## Work order
Filter the data below, keeping only lines that contain "simp".

## Records for the exercise
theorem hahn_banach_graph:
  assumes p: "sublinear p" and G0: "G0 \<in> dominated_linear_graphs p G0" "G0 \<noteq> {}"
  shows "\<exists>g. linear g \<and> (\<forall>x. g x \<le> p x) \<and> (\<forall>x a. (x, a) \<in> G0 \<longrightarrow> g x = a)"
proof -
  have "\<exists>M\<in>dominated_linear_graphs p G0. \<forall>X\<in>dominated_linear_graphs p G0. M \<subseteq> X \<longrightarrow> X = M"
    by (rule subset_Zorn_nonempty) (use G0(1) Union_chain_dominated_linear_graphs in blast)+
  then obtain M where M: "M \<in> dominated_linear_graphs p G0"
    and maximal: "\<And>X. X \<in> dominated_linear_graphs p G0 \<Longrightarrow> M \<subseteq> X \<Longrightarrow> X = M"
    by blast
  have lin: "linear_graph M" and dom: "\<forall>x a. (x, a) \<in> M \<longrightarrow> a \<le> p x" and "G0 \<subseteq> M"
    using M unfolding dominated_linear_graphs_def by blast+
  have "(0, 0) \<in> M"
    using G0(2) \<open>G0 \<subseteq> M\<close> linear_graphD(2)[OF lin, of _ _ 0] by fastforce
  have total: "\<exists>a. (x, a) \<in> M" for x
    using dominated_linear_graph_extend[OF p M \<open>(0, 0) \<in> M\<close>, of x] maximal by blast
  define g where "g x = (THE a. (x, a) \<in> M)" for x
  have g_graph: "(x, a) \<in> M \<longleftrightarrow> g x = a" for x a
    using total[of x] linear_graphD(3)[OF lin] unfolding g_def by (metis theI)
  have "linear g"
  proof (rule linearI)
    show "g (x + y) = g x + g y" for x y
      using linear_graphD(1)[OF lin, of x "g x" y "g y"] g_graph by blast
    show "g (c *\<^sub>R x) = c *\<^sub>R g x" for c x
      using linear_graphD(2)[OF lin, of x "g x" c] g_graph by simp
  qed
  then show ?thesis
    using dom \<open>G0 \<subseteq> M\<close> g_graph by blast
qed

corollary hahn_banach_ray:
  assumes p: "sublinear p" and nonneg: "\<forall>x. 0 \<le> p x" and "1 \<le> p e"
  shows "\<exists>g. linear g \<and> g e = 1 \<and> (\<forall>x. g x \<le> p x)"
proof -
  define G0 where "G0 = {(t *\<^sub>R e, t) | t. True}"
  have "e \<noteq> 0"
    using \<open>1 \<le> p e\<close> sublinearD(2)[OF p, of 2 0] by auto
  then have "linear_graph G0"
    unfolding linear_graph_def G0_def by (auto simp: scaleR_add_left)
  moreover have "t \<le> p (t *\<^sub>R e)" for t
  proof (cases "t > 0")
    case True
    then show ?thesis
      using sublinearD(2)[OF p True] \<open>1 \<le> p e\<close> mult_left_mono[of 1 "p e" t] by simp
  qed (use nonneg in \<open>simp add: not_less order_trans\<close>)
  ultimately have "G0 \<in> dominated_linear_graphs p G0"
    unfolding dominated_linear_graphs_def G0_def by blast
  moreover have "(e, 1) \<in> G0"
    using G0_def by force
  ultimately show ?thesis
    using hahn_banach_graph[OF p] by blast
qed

## Result of the exercise
      using linear_graphD(2)[OF lin, of x "g x" c] g_graph by simp
    unfolding linear_graph_def G0_def by (auto simp: scaleR_add_left)
      using sublinearD(2)[OF p True] \<open>1 \<le> p e\<close> mult_left_mono[of 1 "p e" t] by simp
  qed (use nonneg in \<open>simp add: not_less order_trans\<close>)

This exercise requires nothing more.